Мать Евгения – Лидия Ивановна, когда он собирал вещи, и мы оказались в комнате одни, торопливо украдкой шепнула мне:

– Юра, представляешь, взял женщину с двумя детьми. Зачем это ему нужно, что нет девушек?

Что я мог ей ответить?

Поругать друга за опрометчивый поступок, а про себя сказать: «Слава Богу, меня сия чаша миновала, я свободен и не связан семейными узами». Ничего подобного! Я сам был готов жить с Натальей Михайловной.

– Да, есть девушки, – ответил я ей. – Только Наташа своя – сельская.

– Вот только что! – вздохнула Лидия Ивановна и замолчала, подошел ее сын.

Сразу же после переезда Евгения к Нате вдруг неожиданно заявился Владимир. Он попытался выгнать Фокова. Кричал ему:

– Ты не имеешь права! Я с ней, – кивал на Наташу, – не разводился. – Но это ему не помогло. Фоков победил и обосновался у Кустиной надолго. Он думал, что навсегда.

Мне было тяжело. Я мысленно расставался с Натой. Это меня очень расстраивало. Теперь я никак не мог на нее претендовать, даже в мыслях, это было бы не по-товарищески.

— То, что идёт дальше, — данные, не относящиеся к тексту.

(* Under the conical assumption (all dependent variables have vanishing covariant derivative in the radial direction $r$, measured from the cone apex), the steady compressible Euler equations in a 3D Euclidean space with coordinates $(\xi^1,\xi^2,r)$, where $r$ is orthogonal to the surface coordinates and has unit scale, reduce to the following system on the surface of the unit sphere: \begin{gather*} \frac{\partial}{\partial \xi^\beta}\left(\rho\sqrt{g}v^\beta\right) + 2\rho \sqrt{g}V^3 = 0,\\ \frac{\partial }{\partial\xi^\beta}\left(\sqrt{g}\left[\rho v^\alpha v^\beta + g^{\alpha\beta}P\right]\right) + \overset{(g)}{\Gamma}{}_{\gamma}{}^{\alpha}{}_{\nu}\,\sqrt{g}\left[\rho v^\gamma v^\nu+g^{\gamma\nu}P\right] + 3\rho\sqrt{g}v^\alpha V^3 = 0,\\ v^\alpha\frac{\partial V^3}{\partial \xi^\alpha} - q^2_c = 0,\\ \frac{\partial}{\partial \xi^\beta}\left( \sqrt{g}\left[\rho E+P\right] v^\beta \right) + 2\sqrt{g}\left[\rho E+P\right] V^3 =0. \end{gather*}
   Context: Einstein summation is used; Greek indices take values 1,2. $\rho$ is density, $v^\beta = r\tilde v^\beta$ are the rescaled (r-independent) surface velocity components, $V^3$ is the radial velocity component, $E=e+\frac12|\mathbf V|^2$ is total specific energy with $e$ the specific thermal energy, $P=P(\rho,e)$ the pressure, $g_{\alpha\beta}=\tilde g_{\alpha\beta}/r^2$ the metric of the unit sphere in arbitrary surface coordinates $\xi^\alpha$ (with $r$-dependence removed), $g^{\alpha\beta}$ its inverse, $g$ its determinant, $q_c=\sqrt{g_{\alpha\beta}v^\alpha v^\beta}$ the crossflow speed, and $\overset{(g)}{\Gamma}{}_{\gamma}{}^{\alpha}{}_{\nu}$ the Christoffel symbol (of the second kind, upper index $\alpha$, lower indices $\gamma,\nu$) of the metric $g_{\alpha\beta}$. The starting equations are the steady Euler equations in coordinate-free form: $(\rho\sqrt{G}V^j)_{|j}=0$, $(\sqrt{G}[\rho V^iV^j+G^{ij}P])_{|j}=0$, $(\sqrt{G}[\rho E+P]V^j)_{|j}=0$, with $G_{ij}$ the 3D metric and $(\cdot)_{|j}$ the covariant derivative. *)

theory Defs
  imports "HOL-Analysis.Analysis"
begin

text \<open>Indices: surface indices alpha, beta in {1,2}; radial index 3.
  Surface points xi = (xi1, xi2) :: real * real;
  space points (xi1, xi2, r) :: real * real * real.\<close>

type_synonym pt2 = "real \<times> real"
type_synonym pt3 = "real \<times> real \<times> real"

definition pd2 :: "(pt2 \<Rightarrow> real) \<Rightarrow> nat \<Rightarrow> pt2 \<Rightarrow> real" where
  "pd2 f a x = deriv (\<lambda>t. f (fst x + (if a = 1 then t else 0),
                                snd x + (if a = 2 then t else 0))) 0"

definition pd3 :: "(pt3 \<Rightarrow> real) \<Rightarrow> nat \<Rightarrow> pt3 \<Rightarrow> real" where
  "pd3 f i x = deriv (\<lambda>t. f (fst x + (if i = 1 then t else 0),
                                fst (snd x) + (if i = 2 then t else 0),
                                snd (snd x) + (if i = 3 then t else 0))) 0"

definition detn :: "nat \<Rightarrow> (nat \<Rightarrow> nat \<Rightarrow> real) \<Rightarrow> real" where
  "detn n A = (\<Sum>p | p permutes {1..n}. of_int (sign p) * (\<Prod>i\<in>{1..n}. A i (p i)))"

definition inv_metric :: "nat \<Rightarrow> (nat \<Rightarrow> nat \<Rightarrow> real) \<Rightarrow> nat \<Rightarrow> nat \<Rightarrow> real" where
  "inv_metric n A = (THE h. (\<forall>i\<in>{1..n}. \<forall>k\<in>{1..n}.
        (\<Sum>j\<in>{1..n}. A i j * h j k) = (if i = k then 1 else 0))
      \<and> (\<forall>i k. \<not> (i \<in> {1..n} \<and> k \<in> {1..n}) \<longrightarrow> h i k = 0))"

text \<open>Christoffel symbol of the second kind  Gamma_j^i_k  (upper index i,
  lower indices j, k) of a metric M in n dimensions, w.r.t. the partial
  derivative operator D.\<close>

definition christoffel ::
  "nat \<Rightarrow> ('p \<Rightarrow> nat \<Rightarrow> nat \<Rightarrow> real) \<Rightarrow> (('p \<Rightarrow> real) \<Rightarrow> nat \<Rightarrow> 'p \<Rightarrow> real)
     \<Rightarrow> 'p \<Rightarrow> nat \<Rightarrow> nat \<Rightarrow> nat \<Rightarrow> real" where
  "christoffel n M D x i j k =
     (1/2) * (\<Sum>l\<in>{1..n}. inv_metric n (M x) i l *
        (D (\<lambda>y. M y l k) j x + D (\<lambda>y. M y l j) k x - D (\<lambda>y. M y j k) l x))"

abbreviation Gam3 :: "(pt3 \<Rightarrow> nat \<Rightarrow> nat \<Rightarrow> real) \<Rightarrow> pt3 \<Rightarrow> nat \<Rightarrow> nat \<Rightarrow> nat \<Rightarrow> real" where
  "Gam3 G \<equiv> christoffel 3 G pd3"

abbreviation Gam2 :: "(pt2 \<Rightarrow> nat \<Rightarrow> nat \<Rightarrow> real) \<Rightarrow> pt2 \<Rightarrow> nat \<Rightarrow> nat \<Rightarrow> nat \<Rightarrow> real" where
  "Gam2 g \<equiv> christoffel 2 g pd2"

definition cone_metric :: "(pt2 \<Rightarrow> nat \<Rightarrow> nat \<Rightarrow> real) \<Rightarrow> pt3 \<Rightarrow> nat \<Rightarrow> nat \<Rightarrow> real" where
  "cone_metric g x i j =
     (if i \<in> {1,2} \<and> j \<in> {1,2} then (snd (snd x))\<^sup>2 * g (fst x, fst (snd x)) i j
      else if i = 3 \<and> j = 3 then 1 else 0)"

text \<open>Covariant derivative of a vector density W^j (weight 1), contracted: W^j_{|j}.\<close>

definition cdiv_dens1 ::
  "(pt3 \<Rightarrow> nat \<Rightarrow> nat \<Rightarrow> real) \<Rightarrow> (pt3 \<Rightarrow> nat \<Rightarrow> real) \<Rightarrow> pt3 \<Rightarrow> real" where
  "cdiv_dens1 G W x = (\<Sum>j\<in>{1..3}. pd3 (\<lambda>y. W y j) j x
      + (\<Sum>k\<in>{1..3}. Gam3 G x j j k * W x k - Gam3 G x k k j * W x j))"

text \<open>Covariant derivative of a rank-2 contravariant tensor density T^{ij}
  (weight 1), contracted on the second index: T^{ij}_{|j}.\<close>

definition cdiv_dens2 ::
  "(pt3 \<Rightarrow> nat \<Rightarrow> nat \<Rightarrow> real) \<Rightarrow> (pt3 \<Rightarrow> nat \<Rightarrow> nat \<Rightarrow> real) \<Rightarrow> pt3 \<Rightarrow> nat \<Rightarrow> real" where
  "cdiv_dens2 G T x i = (\<Sum>j\<in>{1..3}. pd3 (\<lambda>y. T y i j) j x
      + (\<Sum>k\<in>{1..3}. Gam3 G x i j k * T x k j + Gam3 G x j j k * T x i k
                      - Gam3 G x k k j * T x i j))"

end

theory Submission
  imports Defs
begin

text \<open>In the coordinates \<open>(\<xi>\<^sup>1, \<xi>\<^sup>2, r)\<close> the metric is \<open>G = diag(r\<^sup>2 g, 1)\<close>, so
  \<open>\<surd>G = r\<^sup>2 \<surd>g\<close>, \<open>G\<^sup>-\<^sup>1 = diag(g\<^sup>-\<^sup>1/r\<^sup>2, 1)\<close>, the Christoffel symbols with only surface
  indices are those of \<open>g\<close>, and the only other non-vanishing ones are
  \<open>\<Gamma>\<^sub>\<beta>\<^sup>\<alpha>\<^sub>3 = \<Gamma>\<^sub>3\<^sup>\<alpha>\<^sub>\<beta> = \<delta>\<^sup>\<alpha>\<^sub>\<beta>/r\<close> and \<open>\<Gamma>\<^sub>\<alpha>\<^sup>3\<^sub>\<beta> = -r g\<^sub>\<alpha>\<^sub>\<beta>\<close>.
  Integrating the conical assumption along the rays shows that \<open>\<rho>\<close>, \<open>e\<close>, \<open>V\<^sup>3\<close> and
  \<open>r V\<^sup>\<alpha>\<close> do not depend on \<open>r\<close>. Hence every flux of the Euler equations is a power of
  \<open>r\<close> times a field on the unit sphere, and each three-dimensional divergence is a power of
  \<open>r\<close> times the corresponding surface expression. Since \<open>r\<close>, \<open>\<rho>\<close> and \<open>\<surd>g\<close> do not
  vanish, the two systems are equivalent.\<close>

lemma sum_1_2: "(\<Sum>j\<in>{1..2::nat}. f j) = f 1 + (f 2 :: 'a::comm_monoid_add)"
proof -
  have "{1..2::nat} = {1, 2}" by auto
  then show ?thesis by (simp add: add.assoc)
qed

lemma sum_1_3: "(\<Sum>j\<in>{1..3::nat}. f j) = f 1 + f 2 + (f 3 :: 'a::comm_monoid_add)"
proof -
  have "{1..3::nat} = {1, 2, 3}" by auto
  then show ?thesis by (simp add: add.assoc)
qed

lemma ball_1_2: "(\<forall>i\<in>{1..2::nat}. Q i) \<longleftrightarrow> Q 1 \<and> Q 2"
proof -
  have "{1..2::nat} = {1, 2}" by auto
  then show ?thesis by simp
qed

lemma ball_1_3: "(\<forall>i\<in>{1..3::nat}. Q i) \<longleftrightarrow> Q 1 \<and> Q 2 \<and> Q 3"
proof -
  have "{1..3::nat} = {1, 2, 3}" by auto
  then show ?thesis by simp
qed

lemma pd2_has_real_derivative:
  fixes F :: "pt2 \<Rightarrow> real"
  assumes "F differentiable (at \<xi>)"
  shows "((\<lambda>t. F (fst \<xi> + (if i = 1 then t else 0), snd \<xi> + (if i = 2 then t else 0)))
           has_real_derivative pd2 F i \<xi>) (at 0)"
proof -
  let ?line = "\<lambda>t::real. (fst \<xi> + (if i = 1 then t else 0), snd \<xi> + (if i = 2 then t else 0))"
  have "?line differentiable (at 0)"
    by (cases "i = 1"; cases "i = 2") (auto intro!: derivative_intros)
  moreover have "F differentiable (at (?line 0))"
    using assms by simp
  ultimately have "(F \<circ> ?line) differentiable (at 0)"
    by (rule differentiable_chain_at)
  then show ?thesis
    unfolding pd2_def by (simp add: o_def DERIV_deriv_iff_real_differentiable)
qed

lemma pd2_mult:
  fixes F H :: "pt2 \<Rightarrow> real"
  assumes "F differentiable (at \<xi>)" "H differentiable (at \<xi>)"
  shows "pd2 (\<lambda>y. F y * H y) i \<xi> = F \<xi> * pd2 H i \<xi> + H \<xi> * pd2 F i \<xi>"
proof -
  have "((\<lambda>t. F (fst \<xi> + (if i = 1 then t else 0), snd \<xi> + (if i = 2 then t else 0)) *
            H (fst \<xi> + (if i = 1 then t else 0), snd \<xi> + (if i = 2 then t else 0)))
         has_real_derivative (pd2 F i \<xi> * H \<xi> + pd2 H i \<xi> * F \<xi>)) (at 0)"
    using DERIV_mult[OF pd2_has_real_derivative[OF assms(1)] pd2_has_real_derivative[OF assms(2)]]
    by simp
  then show ?thesis
    unfolding pd2_def[of "\<lambda>y. F y * H y"] by (simp add: DERIV_imp_deriv algebra_simps)
qed

lemma pd3_const: "pd3 (\<lambda>y. c) i x = 0"
  unfolding pd3_def by simp

lemma pd3_cong_on_open:
  fixes f f' :: "pt3 \<Rightarrow> real"
  assumes "open S" "x \<in> S" "\<And>y. y \<in> S \<Longrightarrow> f y = f' y"
  shows "pd3 f i x = pd3 f' i x"
proof -
  let ?line = "\<lambda>t::real. (fst x + (if i = 1 then t else 0), fst (snd x) + (if i = 2 then t else 0),
                          snd (snd x) + (if i = 3 then t else 0))"
  have "isCont ?line 0"
    by (cases "i = 1"; cases "i = 2"; cases "i = 3") (auto intro!: continuous_intros)
  moreover have "?line 0 \<in> S"
    using assms(2) by simp
  ultimately have "eventually (\<lambda>t. ?line t \<in> S) (nhds 0)"
    using assms(1) by (simp add: isCont_def tendsto_def eventually_nhds_conv_at)
  then have "eventually (\<lambda>t. f (?line t) = f' (?line t)) (nhds 0)"
    by eventually_elim (use assms(3) in auto)
  then show ?thesis
    unfolding pd3_def by (rule deriv_cong_ev) simp
qed

lemma pd3_radial_has_real_derivative:
  fixes f :: "pt3 \<Rightarrow> real"
  assumes "f differentiable (at (a, b, s))"
  shows "((\<lambda>u. f (a, b, u)) has_real_derivative pd3 f 3 (a, b, s)) (at s)"
proof -
  have "(\<lambda>t::real. (a, b, s + t)) differentiable (at 0)"
    by (auto intro!: derivative_intros)
  then have "(\<lambda>t. f (a, b, s + t)) differentiable (at 0)"
    using differentiable_compose[of f "\<lambda>t::real. (a, b, s + t)" 0] assms by simp
  then have "((\<lambda>t. f (a, b, s + t)) has_real_derivative pd3 f 3 (a, b, s)) (at 0)"
    unfolding pd3_def by (simp add: DERIV_deriv_iff_real_differentiable)
  then show ?thesis
    using DERIV_shift[of "\<lambda>u. f (a, b, u)" _ 0 s] by (simp add: add.commute)
qed

lemma pd3_separable_tangential:
  fixes F :: "pt2 \<Rightarrow> real"
  assumes "i \<in> {1, 2}" "F differentiable (at (fst x, fst (snd x)))"
  shows "pd3 (\<lambda>y. c (snd (snd y)) * F (fst y, fst (snd y))) i x
           = c (snd (snd x)) * pd2 F i (fst x, fst (snd x))"
proof -
  have "((\<lambda>t. c (snd (snd x)) * F (fst x + (if i = 1 then t else 0), fst (snd x) + (if i = 2 then t else 0)))
         has_real_derivative c (snd (snd x)) * pd2 F i (fst x, fst (snd x))) (at 0)"
    using DERIV_cmult[OF pd2_has_real_derivative[OF assms(2), of i]] by simp
  then show ?thesis
    unfolding pd3_def using assms(1) by (auto intro!: DERIV_imp_deriv)
qed

lemma pd3_separable_radial:
  fixes F :: "pt2 \<Rightarrow> real"
  assumes "(c has_real_derivative c') (at (snd (snd x)))"
  shows "pd3 (\<lambda>y. c (snd (snd y)) * F (fst y, fst (snd y))) 3 x = c' * F (fst x, fst (snd x))"
proof -
  have "((\<lambda>t. c (t + snd (snd x))) has_real_derivative c') (at 0)"
    using assms DERIV_shift[of c c' 0 "snd (snd x)"] by simp
  then have "((\<lambda>t. c (snd (snd x) + t) * F (fst x, fst (snd x)))
              has_real_derivative c' * F (fst x, fst (snd x))) (at 0)"
    using DERIV_cmult_right by (simp add: add.commute)
  then show ?thesis
    unfolding pd3_def by (auto intro!: DERIV_imp_deriv)
qed

lemma differentiable_transform_open:
  assumes "f differentiable (at x)" "open S" "x \<in> S" "\<And>y. y \<in> S \<Longrightarrow> f y = f' y"
  shows "f' differentiable (at x)"
  using assms has_derivative_transform_within_open[of f _ x UNIV S f']
  unfolding differentiable_def by auto

lemma constant_on_positive_reals:
  fixes \<phi> :: "real \<Rightarrow> real"
  assumes "\<And>u. u > 0 \<Longrightarrow> (\<phi> has_real_derivative 0) (at u)" "r > 0"
  shows "\<phi> r = \<phi> 1"
proof -
  obtain c where "\<forall>u\<in>{0<..}. \<phi> u = c"
    using has_field_derivative_zero_constant[of "{0<..}" \<phi>]
    by (auto intro: has_field_derivative_at_within assms(1))
  then show ?thesis
    using assms(2) by simp
qed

Однажды во сне я долго и горько плакал. Мать разбудила меня и принялась успокаивать:

– Ну что ты Юра! Страшный сон приснился?

– Да! Да! Страшный сон, – ответил я. – Что я еще мог сказать? Поделиться тем, что я уступил Нату другу. Конечно же, я не проронил, ни слова. Мне нельзя было жаловаться. Ну, и что из того, что я остался холостым. Не я один, много таких, живут и ничего страшного с ними не происходит. Просто нужно привыкнуть к своему положению, не афишировать им и не слушать советы, снующих рядом доброжелателей, не лезть во всевозможные авантюры, предпринимаемые окружением, для того чтобы, как можно скорее погулять на твоей свадьбе – напиться водки, вина и наесться вдоволь салатиков.

Я извинился перед матерью и снова лег спать, а утром, как ни в чем не бывало, встал и отправился в институт. Я искал способ забыться. Мне казалось, работа – это то, что надо и без остатка отдавал себя всего ей. Мои будни были загружены до предела. А еще сильнее, когда Шестереву предложили отправиться на заслуженный отдых и меня выдвинули на его место – заведующего лабораторией. Новое положение меня устраивало, и я согласился. Максим Григорьевич пожал мне на прощанье руку и сказал:

– Ну, я полетел, займусь своим любимым делом – малой авиацией – налетаюсь вдосталь.

Дома мать и отец со временем смирились с моей холостой жизнью. Я уже не слышал от них слов-упреков: «Ну, когда же ты, наконец, женишься?» Им льстило то, что в селе мне завидовали. Я был на виду и имел хорошую репутацию.

Для села репутация всегда играла большую роль. Правда, что мне было с ней делать? Ведь села как токового уже не было. Вместо десятка улиц всего одна, да и то в придачу с кладбищем. Где-то особняком среди многоэтажных зданий стояла церковь, в которой молился богу Михаил Потапович. Конечно, у нас появились телефоны, вода. Для отопления помещений и приготовления пищи мы стали пользоваться газом. Но все это было вторично. Я, имея хорошую репутацию, не мог ее реализовать во благо себе, например, быть первым женихом на селе.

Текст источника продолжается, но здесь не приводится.